(* Let $W$ be a Brownian motion and $X$ the strong solution of $dX_t=b(X_t)dt+\sigma(X_t)dW_t$, $X_0=\xi\in\mathbb{R}$, where $\inf\sigma(K)>0$ for every compact $K\subset\mathbb{R}$, $\sigma$ is Lipschitz, and $b$ is bounded Borel measurable. Let $AP$ be a finite set of atomic formulas interpreted by Borel sets such that every propositional formula $p$ satisfies $X(\omega),t\models p\Leftrightarrow X_t(\omega)\in B_p$ for some $B_p$ that is a union of a finite pairwise separated family of positive intervals on $\mathbb{R}$ (possibly $\emptyset$ or $\mathbb{R}$). Let $p$ be a propositional formula. Then for every $t\in(0,\infty)$, $\chi^{(n)}_p(\omega,t)\to\chi_p(\omega,t)$ almost surely; in particular $\mathbb{P}(\omega : X(\omega),\Lambda_n(t)\models_n p)\to\mathbb{P}(\omega : X(\omega),t\models p)$.
   Context: Propositional formulas: atomic formulas closed under $\lnot$ and $\wedge$. Positive interval on $\mathbb{R}$: $\langle x,y\rangle$ with $x<y$, endpoints open or closed; pairwise separated means $\overline{B_i}\cap\overline{B_j}=\emptyset$ for $i\neq j$. For $t\in\mathbb{N}/n:=\{k/n:k\in\mathbb{N}\}$, $X(\omega),t\models_n p$ iff $X_t(\omega)\in B_p$. $\Lambda_n(t):=\lfloor nt\rfloor/n$; $\chi_p(\omega,t)=1$ iff $X(\omega),t\models p$ (else $0$); $\chi^{(n)}_p(\omega,t)=1$ iff $X(\omega),\Lambda_n(t)\models_n p$ (else $0$). *)

theory Defs
  imports "HOL-Probability.Probability"
begin

definition brownian_motion :: "'w measure \<Rightarrow> (real \<Rightarrow> 'w \<Rightarrow> real) \<Rightarrow> bool" where
  "brownian_motion M W \<longleftrightarrow>
     prob_space M \<and>
     (\<forall>t\<ge>0. W t \<in> borel_measurable M) \<and>
     (\<forall>\<omega>\<in>space M. W 0 \<omega> = 0) \<and>
     (\<forall>\<omega>\<in>space M. continuous_on {0..} (\<lambda>t. W t \<omega>)) \<and>
     (\<forall>s t. 0 \<le> s \<longrightarrow> s < t \<longrightarrow>
        distributed M lborel (\<lambda>\<omega>. W t \<omega> - W s \<omega>)
          (\<lambda>x. ennreal (normal_density 0 (sqrt (t - s)) x))) \<and>
     (\<forall>(ts :: nat \<Rightarrow> real) k. strict_mono ts \<longrightarrow> 0 \<le> ts 0 \<longrightarrow>
        prob_space.indep_vars M (\<lambda>_. borel) (\<lambda>i \<omega>. W (ts (Suc i)) \<omega> - W (ts i) \<omega>) {..<k})"

definition bm_filtration :: "'w measure \<Rightarrow> (real \<Rightarrow> 'w \<Rightarrow> real) \<Rightarrow> real \<Rightarrow> 'w measure" where
  "bm_filtration M W s = sigma (space M)
     ({W r -` B \<inter> space M | r B. 0 \<le> r \<and> r \<le> s \<and> B \<in> sets borel} \<union> null_sets M)"

text \<open>Ito integral of a continuous adapted integrand H against W on [0,t], realised as the
  limit in probability of left-point Riemann sums along the dyadic partitions
  (k/2^m) of [0,t].\<close>

definition ito_riemann_sum ::
  "(real \<Rightarrow> 'w \<Rightarrow> real) \<Rightarrow> (real \<Rightarrow> 'w \<Rightarrow> real) \<Rightarrow> real \<Rightarrow> nat \<Rightarrow> 'w \<Rightarrow> real" where
  "ito_riemann_sum W H t m \<omega> =
     (\<Sum>k < nat \<lceil>2 ^ m * t\<rceil>.
        H (real k / 2 ^ m) \<omega> * (W (min (real (Suc k) / 2 ^ m) t) \<omega> - W (real k / 2 ^ m) \<omega>))"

______________________________

▸ **EXERCISE**
Working from the material above, retype exactly the lines from the one with "prob_space M \<and>" through the one with "(\<forall>\<omega>\<in>space M. continuous_on", both included, and only those lines.

▸ **SOLUTION TO THIS PROBLEM**
     prob_space M \<and>
     (\<forall>t\<ge>0. W t \<in> borel_measurable M) \<and>
     (\<forall>\<omega>\<in>space M. W 0 \<omega> = 0) \<and>
     (\<forall>\<omega>\<in>space M. continuous_on {0..} (\<lambda>t. W t \<omega>)) \<and>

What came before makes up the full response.